╭─ INPUT DATA

section \<open>Full rank\<close>

lemma maximal_lin_indpt_cols_exists:
  "\<exists>S. maximal S (\<lambda>T. T \<subseteq> set (cols (A::real mat))
                     \<and> \<not> module.lin_dep class_ring (module_vec TYPE(real) n) T)"
proof -
  interpret vec_space "TYPE(real)" n .
  show ?thesis
    using maximal_exists[of "\<lambda>T. T \<subseteq> set (cols A) \<and> \<not> lin_dep T" "card (set (cols A))" "{}"]
    by (meson List.finite_set card_mono empty_iff empty_subsetI finite_lin_indpt2 rev_finite_subset)
qed

lemma full_row_rank_imp_le:
  assumes A: "(A::real mat) \<in> carrier_mat m k" and "full_row_rank A"
  shows "m \<le> k"
proof -
  interpret vec_space "TYPE(real)" m .
  have "rank A = m"
    using assms unfolding full_row_rank_def mat_rank_def by simp
  then show ?thesis
    using rank_le_nc[OF A] by simp
qed

lemma full_col_rank_imp_le:
  assumes B: "(B::real mat) \<in> carrier_mat q p" and "full_col_rank B"
  shows "p \<le> q"
proof -
  interpret vec_space "TYPE(real)" q .
  obtain S where S: "maximal S (\<lambda>T. T \<subseteq> set (cols B) \<and> \<not> lin_dep T)"
    using maximal_lin_indpt_cols_exists by blast
  then have "S \<subseteq> set (cols B)" "\<not> lin_dep S"
    unfolding maximal_def by auto
  moreover from this(1) have "S \<subseteq> carrier_vec q"
    using B cols_dim by blast
  ultimately have "card S \<le> dim"
    using li_le_dim(2)[OF fin_dim] by simp
  then show ?thesis
    using assms rank_card_indpt[OF B S] dim_is_n unfolding full_col_rank_def mat_rank_def by simp
qed

lemma full_col_rank_mult_vec_eq_0:
  assumes B: "(B::real mat) \<in> carrier_mat q p" and "full_col_rank B"
    and v: "v \<in> carrier_vec p" and Bv: "B *\<^sub>v v = 0\<^sub>v q"
  shows "v = 0\<^sub>v p"
proof (rule ccontr)
  interpret vec_space "TYPE(real)" q .
  assume "v \<noteq> 0\<^sub>v p"
  have rank: "rank B = p"
    using assms unfolding full_col_rank_def mat_rank_def by simp
  show False
  proof (cases "distinct (cols B)")
    case True
    then show False
      using full_rank_lin_indpt[OF B rank] lin_depI[OF B v \<open>v \<noteq> 0\<^sub>v p\<close> Bv] by blast
  next
    case False
    obtain S where S: "maximal S (\<lambda>T. T \<subseteq> set (cols B) \<and> \<not> lin_dep T)"
      using maximal_lin_indpt_cols_exists by blast
    then have "card S \<le> card (set (cols B))"
      unfolding maximal_def by (simp add: card_mono)
    also have "\<dots> < length (cols B)"
      using False card_distinct card_length by (metis le_neq_implies_less)
    finally show False
      using rank_card_indpt[OF B S] rank B by simp
  qed
qed

lemma (in vec_space) lincomb_scalar_prod_eq_0:
  assumes X: "finite X" "X \<subseteq> carrier_vec n" and y: "y \<in> carrier_vec n"
    and orth: "\<And>x. x \<in> X \<Longrightarrow> x \<bullet> y = 0"
  shows "lincomb a X \<bullet> y = 0"
proof -
  have "lincomb a X \<bullet> y = (\<Sum>i<n. (\<Sum>x\<in>X. a x * x $ i) * y $ i)"
    unfolding scalar_prod_def using y lincomb_index[OF _ X(2)] by (simp add: atLeast0LessThan)
  also have "\<dots> = (\<Sum>x\<in>X. a x * (\<Sum>i<n. x $ i * y $ i))"
    by (simp add: sum_distrib_left sum_distrib_right sum.swap[of _ X] mult.assoc)
  also have "\<dots> = (\<Sum>x\<in>X. a x * (x \<bullet> y))"
    using X(2) y by (intro sum.cong) (auto simp: scalar_prod_def atLeast0LessThan)
  also have "\<dots> = 0"
    using orth by simp
  finally show ?thesis .
qed

text \<open>The columns of a full-row-rank \<open>A\<close> span the whole space, and \<open>A\<^sup>T y = 0\<close> says that
  \<open>y\<close> is orthogonal to all of them, hence to itself.\<close>

lemma full_row_rank_transpose_mult_vec_eq_0:
  assumes A: "(A::real mat) \<in> carrier_mat m k" and "full_row_rank A"
    and y: "y \<in> carrier_vec m" and Ay: "A\<^sup>T *\<^sub>v y = 0\<^sub>v k"
  shows "y = 0\<^sub>v m"
proof -
  interpret vec_space "TYPE(real)" m .
  have rank: "rank A = m"
    using assms unfolding full_row_rank_def mat_rank_def by simp
  obtain S where S: "maximal S (\<lambda>T. T \<subseteq> set (cols A) \<and> \<not> lin_dep T)"
    using maximal_lin_indpt_cols_exists by blast
  have SA: "S \<subseteq> set (cols A)" and li: "\<not> lin_dep S"
    using S unfolding maximal_def by auto
  have Sc: "S \<subseteq> carrier_vec m"
    using SA A cols_dim by blast
  have "basis S"
    by (rule dim_li_is_basis[OF fin_dim finite_subset[OF SA] _ li])
      (use Sc rank_card_indpt[OF A S] rank dim_is_n in auto)
  then have "span S = carrier_vec m"
    by (simp add: basis_def)
  then obtain a X where X: "y = lincomb a X" "finite X" "X \<subseteq> S"
    using y unfolding span_def by blast
  have orth: "x \<bullet> y = 0" if x: "x \<in> S" for x
  proof -
    obtain j where j: "j < k" "x = col A j"
      using SA x A by (auto simp: cols_def)
    then have "(A\<^sup>T *\<^sub>v y) $ j = x \<bullet> y"
      using A by simp
    then show ?thesis
      using Ay j by simp
  qed
  have "y \<bullet> y = 0"
    unfolding X(1) using X Sc y orth by (intro lincomb_scalar_prod_eq_0) auto
  then show "y = 0\<^sub>v m"
    using scalar_prod_self_pos[OF y] by fastforce
qed


section \<open>Perturbing one factor of a product\<close>

lemma wprod_empty: "wprod d W i (Suc i) = 1\<^sub>m (d i)"
  unfolding wprod_def by simp

lemma wprod_Suc: "j \<le> Suc i \<Longrightarrow> wprod d W (Suc i) j = W (Suc i) * wprod d W i j"
  unfolding wprod_def by (simp add: upt_Suc_append)

lemma wprod_cong: "(\<And>l. j \<le> l \<Longrightarrow> l \<le> i \<Longrightarrow> V l = W l) \<Longrightarrow> wprod d V i j = wprod d W i j"
  unfolding wprod_def by (intro arg_cong2[where f = "foldr (*)"] map_cong) auto

lemma wprod_carrier:
  assumes "1 \<le> j" "j \<le> Suc i" "\<forall>l\<in>{j..i}. W l \<in> carrier_mat (d l) (d (l - 1))"
  shows "wprod d W i j \<in> carrier_mat (d i) (d (j - 1))"
  using assms
proof (induction i)
  case 0
  then show ?case
    using wprod_empty[of d W 0] by simp
next
  case (Suc i)
  show ?case
  proof (cases "j = Suc (Suc i)")
    case True
    then show ?thesis
      using wprod_empty[of d W "Suc i"] by simp
  next
    case False
    then have j: "j \<le> Suc i"
      using Suc.prems by simp
    then have "W (Suc i) \<in> carrier_mat (d (Suc i)) (d i)"
      using Suc.prems(3) by fastforce
    moreover have "wprod d W i j \<in> carrier_mat (d i) (d (j - 1))"
      using Suc.IH Suc.prems j by auto
    ultimately show ?thesis
      unfolding wprod_Suc[OF j] by simp
  qed
qed

lemma wprod_split:
  assumes "1 \<le> j" "j \<le> Suc k" "k \<le> i" "\<forall>l\<in>{j..i}. W l \<in> carrier_mat (d l) (d (l - 1))"
  shows "wprod d W i j = wprod d W i (Suc k) * wprod d W k j"
  using assms
proof (induction i)
  case 0
  then have "wprod d W 0 j \<in> carrier_mat (d 0) (d (j - 1))"
    by (intro wprod_carrier) auto
  then show ?case
    using 0 wprod_empty[of d W 0] by simp
next
  case (Suc i)
  show ?case
  proof (cases "k = Suc i")
    case True
    have "wprod d W (Suc i) j \<in> carrier_mat (d (Suc i)) (d (j - 1))"
      using Suc.prems True by (intro wprod_carrier) auto
    then show ?thesis
      using True wprod_empty[of d W "Suc i"] by simp
  next
    case False
    then have k: "k \<le> i" and j: "j \<le> Suc i"
      using Suc.prems by auto
    have W: "W (Suc i) \<in> carrier_mat (d (Suc i)) (d i)"
      using Suc.prems(4) j by fastforce
    have c1: "wprod d W i (Suc k) \<in> carrier_mat (d i) (d k)"
      using Suc.prems k by (intro wprod_carrier[where j = "Suc k", simplified]) auto
    have c2: "wprod d W k j \<in> carrier_mat (d k) (d (j - 1))"
      using Suc.prems k by (intro wprod_carrier) auto
    have "wprod d W (Suc i) j = W (Suc i) * (wprod d W i (Suc k) * wprod d W k j)"
      using wprod_Suc[OF j] Suc.IH Suc.prems k by auto
    also have "\<dots> = (W (Suc i) * wprod d W i (Suc k)) * wprod d W k j"
      using assoc_mult_mat[OF W c1 c2] by simp
    also have "\<dots> = wprod d W (Suc i) (Suc k) * wprod d W k j"
      using wprod_Suc[of "Suc k" i d W] k by simp
    finally show ?thesis .
  qed
qed
(* Let $G=(V_G,E_G)$ be a finite directed acyclic graph. There is a one-to-one correspondence between Bayesian networks based on $G$ and CDU functors $\mathsf{Free}(G)\to\mathsf{Stoch}$. Explicitly, a Bayesian network $(\tau,\{P(A\mid \mathrm{Pa}(A))\}_{A\in V_G})$ corresponds to the CDU functor $\mathcal F$ with $\mathcal F(A)=\tau(A)$ on generating objects and sending the generator $a\colon B_1\otimes\cdots\otimes B_k\to A$ to the stochastic matrix with entries $\mathcal F(a)^{j}_{i_1\ldots i_k}=P(A=j\mid \mathrm{Pa}(A)=(i_1,\ldots,i_k))$; conversely a CDU functor $\mathcal F$ determines the Bayesian network with $\tau(A)=\mathcal F(A)$ and $P(A=j\mid\mathrm{Pa}(A)=(i_1,\ldots,i_k))=\mathcal F(a)^j_{i_1\ldots i_k}$, and these two assignments are mutually inverse.
   Context: $\mathsf{Stoch}$ is the symmetric monoidal category whose objects are finite (nonempty) sets and whose morphisms $f\colon A\to B$ are $|B|\times|A|$ matrices of nonnegative reals with every column summing to $1$ (entries written $f_i^j$, $i\in A$, $j\in B$); composition is matrix multiplication, the monoidal product is cartesian product on objects and Kronecker product on matrices, $I=\{*\}$, and the symmetry is the swap matrix. A CDU category is a symmetric monoidal category in which every object $A$ carries a copy map $A\to A\otimes A$, a discard map $A\to I$ and a uniform state $I\to A$, such that copy is coassociative, cocommutative and counital with respect to discard, and discard composed with the uniform state is the identity on $I$; the structure on $I$ is trivial and that on $A\otimes B$ is built componentwise from those on $A$ and $B$. In $\mathsf{Stoch}$ these are: copy $(\Delta)_i^{jk}=\delta_i^j\delta_i^k$, discard $(\epsilon)_i=1$, uniform $(u)^i=1/|A|$. A CDU functor is a symmetric monoidal functor between CDU categories preserving copy maps, discard maps and uniform states. For a set $X$ of generating objects and a set $\Sigma$ of typed generating morphisms $f\colon u\to w$ ($u,w\in X^\star$), the free CDU category $\mathsf{FreeCDU}(X,\Sigma)$ has objects the words $X^\star$ and morphisms the string diagrams built from $\Sigma$ and copy/discard/uniform maps on each $x\in X$, modulo the CDU equations above. For a dag $G$, $\mathsf{Free}(G):=\mathsf{FreeCDU}(V_G,\Sigma_G)$ where $\Sigma_G$ contains, for each node $A$ with parents $B_1,\ldots,B_k$ (in a fixed order), one generator $a\colon B_1\otimes\cdots\otimes B_k\to A$. A Bayesian network based on $G$ consists of an assignment of a finite set $\tau(A)$ to each node $A\in V_G$ together with, for each $A$, a conditional probability distribution $P(A\mid\mathrm{Pa}(A))$ of values in $\tau(A)$ given values in $\tau(B_1)\times\cdots\times\tau(B_k)$ of the parents. *)

theory Defs
  imports Complex_Main
begin
(* There exists a computable function $f:\mathbb{N}\to\mathbb{N}$ such that the following holds. Let $G=(V,E)$ be an undirected graph with pathwidth $w$, let $\varphi$ be an $\mathit{MSO}_2$ formula interpreted over $G$, and let $n=|V|+|E|$ and $k=w+|\varphi|$. Then there exists an ordered binary decision diagram (OBDD) computing $\mathcal{F}_{\varphi,G}$ with at most $f(k)\cdot n$ nodes. (That is, the OBDD size is fixed-parameter linear in $n$ with respect to $k$.)
   Context: $\mathit{MSO}_2$: formulas are interpreted over a graph $G=(V,E)$ with two disjoint universes $U_V=V$ and $U_E=E$. There are four kinds of variables: vertex object variables (values in $V$), edge object variables (values in $E$), vertex set variables (subsets of $V$), edge set variables (subsets of $E$). Atomic formulas: $\mathit{Adj}(v,e)$ (true iff the vertex assigned to $v$ is an endpoint of the edge assigned to $e$); $x=y$ for object variables of the same sort; $x\in Y$ for an object variable and set variable of the same sort. Formulas are closed under $\neg$, $\wedge$ and existential quantification over variables of each kind, with the usual semantics. Size: atomic formulas have size 3, $|\neg\psi|=1+|\psi|$, $|\psi\wedge\rho|=1+|\psi|+|\rho|$, $|(\exists\cdot)\psi|=1+|\psi|$. Decision variables $\mathcal{D}_{\varphi,G}$: $[x=v]$ for each free vertex object variable $x$ of $\varphi$ and $v\in V$; $[x=e]$ for each free edge object variable $x$ and $e\in E$; $[v\in X]$ for each free vertex set variable $X$ and $v\in V$; $[e\in X]$ for each free edge set variable $X$ and $e\in E$. A Boolean assignment $\delta$ to $\mathcal{D}_{\varphi,G}$ is consistent if for every free vertex (resp. edge) object variable $x$ exactly one of $[x=u]$, $u\in V$ (resp. $[x=e]$, $e\in E$) is true; it then encodes the assignment $\alpha$ with $\alpha(x)=$ the unique $o$ with $\delta([x=o])=1$ and $\alpha(X)=\{o:\delta([o\in X])=1\}$. $\mathcal{F}_{\varphi,G}$ is the Boolean function on $\mathcal{D}_{\varphi,G}$ whose models are exactly the consistent assignments encoding assignments satisfying $\varphi$ on $G$. An OBDD is a rooted DAG with a unique source, internal decision nodes labeled by variables with a 0-edge and a 1-edge, and leaves labeled $0$ or $1$, such that along every path variables appear in accordance with a fixed strict linear order; it computes a function $f$ if its variables are among those of $f$ and the value obtained by following edges according to an assignment equals $f$ on that assignment. Pathwidth is the minimum width of a tree decomposition whose tree is a path. *)

theory Defs
  imports Main
begin

datatype recf = RZ | RS | RProj nat | RComp recf "recf list" | RPrec recf recf | RMn recf

inductive reval :: "recf \<Rightarrow> nat list \<Rightarrow> nat \<Rightarrow> bool" where
  zero: "reval RZ xs 0"
| succ: "reval RS (x # xs) (Suc x)"
| proj: "i < length xs \<Longrightarrow> reval (RProj i) xs (xs ! i)"
| comp: "list_all2 (\<lambda>g y. reval g xs y) gs ys \<Longrightarrow> reval f ys z \<Longrightarrow> reval (RComp f gs) xs z"
| prec0: "reval f xs y \<Longrightarrow> reval (RPrec f g) (0 # xs) y"
| precS: "reval (RPrec f g) (n # xs) y \<Longrightarrow> reval g (n # y # xs) z
           \<Longrightarrow> reval (RPrec f g) (Suc n # xs) z"
| mn: "reval f (y # xs) 0 \<Longrightarrow> (\<forall>z<y. \<exists>m. reval f (z # xs) (Suc m))
           \<Longrightarrow> reval (RMn f) xs y"

definition computable :: "(nat \<Rightarrow> nat) \<Rightarrow> bool" where
  "computable f \<longleftrightarrow> (\<exists>r. \<forall>n. reval r [n] (f n))"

╰─

• _EXERCISE REQUIREMENTS_: Give again the closing portion of the entries, from the line with "reval (RMn f)" through the last line. Keep it exact and add nothing.

• _EXPECTED ANSWER_:
           \<Longrightarrow> reval (RMn f) xs y"

definition computable :: "(nat \<Rightarrow> nat) \<Rightarrow> bool" where
  "computable f \<longleftrightarrow> (\<exists>r. \<forall>n. reval r [n] (f n))"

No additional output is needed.